Records supplied
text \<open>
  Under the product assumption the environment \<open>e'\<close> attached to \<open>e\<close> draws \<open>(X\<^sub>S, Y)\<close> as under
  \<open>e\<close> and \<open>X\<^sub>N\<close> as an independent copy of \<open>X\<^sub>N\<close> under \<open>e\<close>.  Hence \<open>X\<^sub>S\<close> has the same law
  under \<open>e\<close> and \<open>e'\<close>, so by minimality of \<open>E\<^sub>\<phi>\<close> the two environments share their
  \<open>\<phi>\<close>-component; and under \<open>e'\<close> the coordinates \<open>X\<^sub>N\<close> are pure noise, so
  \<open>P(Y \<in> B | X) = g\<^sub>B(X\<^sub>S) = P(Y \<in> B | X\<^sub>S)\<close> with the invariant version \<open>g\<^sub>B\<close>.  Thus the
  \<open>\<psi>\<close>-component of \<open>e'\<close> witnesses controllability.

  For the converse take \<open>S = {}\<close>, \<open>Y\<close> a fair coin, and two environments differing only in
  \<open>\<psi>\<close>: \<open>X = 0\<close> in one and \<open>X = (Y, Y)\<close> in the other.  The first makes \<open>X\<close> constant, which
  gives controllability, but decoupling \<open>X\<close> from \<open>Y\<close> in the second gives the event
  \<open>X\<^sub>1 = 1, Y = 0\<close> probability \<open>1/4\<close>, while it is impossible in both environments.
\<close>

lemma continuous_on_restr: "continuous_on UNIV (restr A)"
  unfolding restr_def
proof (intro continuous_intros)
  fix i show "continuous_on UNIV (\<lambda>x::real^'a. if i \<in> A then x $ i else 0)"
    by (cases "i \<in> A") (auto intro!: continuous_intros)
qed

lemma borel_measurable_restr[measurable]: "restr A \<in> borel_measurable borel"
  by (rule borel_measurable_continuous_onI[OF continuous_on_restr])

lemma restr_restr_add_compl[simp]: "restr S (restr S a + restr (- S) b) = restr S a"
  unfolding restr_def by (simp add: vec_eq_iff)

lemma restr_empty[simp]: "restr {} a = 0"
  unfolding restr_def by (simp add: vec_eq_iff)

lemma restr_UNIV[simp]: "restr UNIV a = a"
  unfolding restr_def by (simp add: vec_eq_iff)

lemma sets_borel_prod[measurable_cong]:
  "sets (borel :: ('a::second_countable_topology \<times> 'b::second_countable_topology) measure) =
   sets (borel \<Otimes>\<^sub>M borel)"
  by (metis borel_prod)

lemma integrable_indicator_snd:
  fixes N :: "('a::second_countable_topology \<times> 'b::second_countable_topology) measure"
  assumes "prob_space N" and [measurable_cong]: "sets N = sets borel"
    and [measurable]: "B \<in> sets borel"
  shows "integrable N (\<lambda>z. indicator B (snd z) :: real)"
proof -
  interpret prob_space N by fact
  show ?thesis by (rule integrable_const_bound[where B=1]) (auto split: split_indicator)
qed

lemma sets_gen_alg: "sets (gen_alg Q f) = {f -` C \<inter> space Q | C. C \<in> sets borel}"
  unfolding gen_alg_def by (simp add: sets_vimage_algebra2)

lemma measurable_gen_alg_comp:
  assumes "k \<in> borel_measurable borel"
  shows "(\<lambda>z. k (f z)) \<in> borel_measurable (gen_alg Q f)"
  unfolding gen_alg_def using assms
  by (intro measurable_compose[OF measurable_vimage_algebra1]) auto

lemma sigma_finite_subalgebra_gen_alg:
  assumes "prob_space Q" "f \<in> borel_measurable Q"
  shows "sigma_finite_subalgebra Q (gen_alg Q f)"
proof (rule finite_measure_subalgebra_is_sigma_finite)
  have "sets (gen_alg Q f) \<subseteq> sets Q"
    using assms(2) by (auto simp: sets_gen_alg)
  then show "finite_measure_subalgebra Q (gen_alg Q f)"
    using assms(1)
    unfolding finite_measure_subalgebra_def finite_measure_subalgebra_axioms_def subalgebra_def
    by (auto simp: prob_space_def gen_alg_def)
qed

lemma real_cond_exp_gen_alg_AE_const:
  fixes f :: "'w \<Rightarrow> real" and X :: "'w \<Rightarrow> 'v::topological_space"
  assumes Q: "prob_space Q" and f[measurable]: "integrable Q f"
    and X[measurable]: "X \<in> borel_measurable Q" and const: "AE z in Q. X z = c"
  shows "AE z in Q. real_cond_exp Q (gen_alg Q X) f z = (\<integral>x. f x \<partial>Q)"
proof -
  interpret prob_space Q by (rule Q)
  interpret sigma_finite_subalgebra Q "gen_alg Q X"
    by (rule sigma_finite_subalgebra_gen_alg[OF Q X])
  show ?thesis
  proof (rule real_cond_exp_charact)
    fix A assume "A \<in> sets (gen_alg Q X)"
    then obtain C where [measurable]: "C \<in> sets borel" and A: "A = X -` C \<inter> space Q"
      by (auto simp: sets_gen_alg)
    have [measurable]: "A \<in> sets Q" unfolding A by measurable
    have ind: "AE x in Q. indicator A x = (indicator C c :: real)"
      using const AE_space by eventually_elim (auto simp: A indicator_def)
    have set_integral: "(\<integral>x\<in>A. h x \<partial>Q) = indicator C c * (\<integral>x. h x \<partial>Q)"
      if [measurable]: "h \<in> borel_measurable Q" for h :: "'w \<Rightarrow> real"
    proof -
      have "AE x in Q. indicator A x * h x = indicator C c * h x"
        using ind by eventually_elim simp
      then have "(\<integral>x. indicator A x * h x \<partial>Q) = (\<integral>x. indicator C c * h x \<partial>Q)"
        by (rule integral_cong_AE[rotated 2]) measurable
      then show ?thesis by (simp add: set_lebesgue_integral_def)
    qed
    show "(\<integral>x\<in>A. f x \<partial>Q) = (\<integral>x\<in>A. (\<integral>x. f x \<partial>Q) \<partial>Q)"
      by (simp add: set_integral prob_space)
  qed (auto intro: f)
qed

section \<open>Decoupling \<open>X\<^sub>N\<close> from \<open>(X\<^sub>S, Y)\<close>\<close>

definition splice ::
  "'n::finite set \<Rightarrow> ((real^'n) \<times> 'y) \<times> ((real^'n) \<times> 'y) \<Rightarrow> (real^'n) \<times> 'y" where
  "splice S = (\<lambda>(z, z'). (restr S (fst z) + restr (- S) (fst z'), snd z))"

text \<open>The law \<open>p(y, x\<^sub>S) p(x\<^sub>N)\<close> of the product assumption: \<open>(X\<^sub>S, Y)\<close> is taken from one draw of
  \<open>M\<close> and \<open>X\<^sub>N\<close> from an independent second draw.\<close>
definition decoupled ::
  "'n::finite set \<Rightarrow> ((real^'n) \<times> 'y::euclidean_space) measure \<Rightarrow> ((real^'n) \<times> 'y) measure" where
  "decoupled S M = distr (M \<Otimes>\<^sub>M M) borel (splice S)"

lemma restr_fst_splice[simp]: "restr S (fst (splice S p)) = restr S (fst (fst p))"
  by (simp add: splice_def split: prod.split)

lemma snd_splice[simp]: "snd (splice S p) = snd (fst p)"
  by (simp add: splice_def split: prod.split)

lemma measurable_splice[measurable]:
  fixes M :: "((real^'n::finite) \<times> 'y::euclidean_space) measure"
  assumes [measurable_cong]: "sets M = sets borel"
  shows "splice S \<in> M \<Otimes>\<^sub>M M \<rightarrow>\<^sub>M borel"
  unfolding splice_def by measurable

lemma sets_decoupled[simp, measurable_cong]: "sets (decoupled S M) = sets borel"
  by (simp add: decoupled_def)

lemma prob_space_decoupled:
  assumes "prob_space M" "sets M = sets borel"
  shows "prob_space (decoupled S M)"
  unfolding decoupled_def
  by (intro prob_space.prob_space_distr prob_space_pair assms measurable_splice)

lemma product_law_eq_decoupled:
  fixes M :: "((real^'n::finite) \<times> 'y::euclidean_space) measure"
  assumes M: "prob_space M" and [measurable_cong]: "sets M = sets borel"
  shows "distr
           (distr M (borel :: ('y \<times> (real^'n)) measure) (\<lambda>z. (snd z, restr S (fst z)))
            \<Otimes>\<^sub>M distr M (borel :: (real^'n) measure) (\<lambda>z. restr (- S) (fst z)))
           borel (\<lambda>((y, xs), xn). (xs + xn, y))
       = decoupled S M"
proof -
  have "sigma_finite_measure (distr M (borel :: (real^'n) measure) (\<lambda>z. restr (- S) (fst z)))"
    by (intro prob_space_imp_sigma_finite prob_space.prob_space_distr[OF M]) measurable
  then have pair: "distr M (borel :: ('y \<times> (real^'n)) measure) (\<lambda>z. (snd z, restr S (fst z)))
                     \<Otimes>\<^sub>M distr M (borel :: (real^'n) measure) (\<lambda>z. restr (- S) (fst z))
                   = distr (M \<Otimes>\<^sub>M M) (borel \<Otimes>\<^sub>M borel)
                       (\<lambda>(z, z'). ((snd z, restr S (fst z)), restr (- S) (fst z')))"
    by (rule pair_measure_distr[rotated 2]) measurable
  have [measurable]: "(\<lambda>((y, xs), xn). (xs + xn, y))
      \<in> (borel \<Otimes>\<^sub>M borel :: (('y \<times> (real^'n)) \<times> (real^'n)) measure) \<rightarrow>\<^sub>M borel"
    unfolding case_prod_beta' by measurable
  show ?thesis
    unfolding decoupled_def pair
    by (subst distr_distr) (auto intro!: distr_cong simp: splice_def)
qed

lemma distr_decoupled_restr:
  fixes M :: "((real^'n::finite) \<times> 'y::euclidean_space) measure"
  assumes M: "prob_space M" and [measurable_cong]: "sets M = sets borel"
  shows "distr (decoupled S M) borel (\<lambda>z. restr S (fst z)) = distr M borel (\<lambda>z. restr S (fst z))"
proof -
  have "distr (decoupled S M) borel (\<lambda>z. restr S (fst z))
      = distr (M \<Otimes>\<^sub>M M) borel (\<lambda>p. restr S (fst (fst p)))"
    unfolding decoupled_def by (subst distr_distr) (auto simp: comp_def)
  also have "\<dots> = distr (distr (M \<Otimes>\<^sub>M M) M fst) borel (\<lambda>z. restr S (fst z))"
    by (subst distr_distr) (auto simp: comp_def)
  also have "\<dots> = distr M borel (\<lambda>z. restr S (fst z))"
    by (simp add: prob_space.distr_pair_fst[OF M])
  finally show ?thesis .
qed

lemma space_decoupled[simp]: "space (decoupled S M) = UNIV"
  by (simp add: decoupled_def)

Task prompt
Return every line above in which the string "text" occurs.

Answer
text \<open>
text \<open>The law \<open>p(y, x\<^sub>S) p(x\<^sub>N)\<close> of the product assumption: \<open>(X\<^sub>S, Y)\<close> is taken from one draw of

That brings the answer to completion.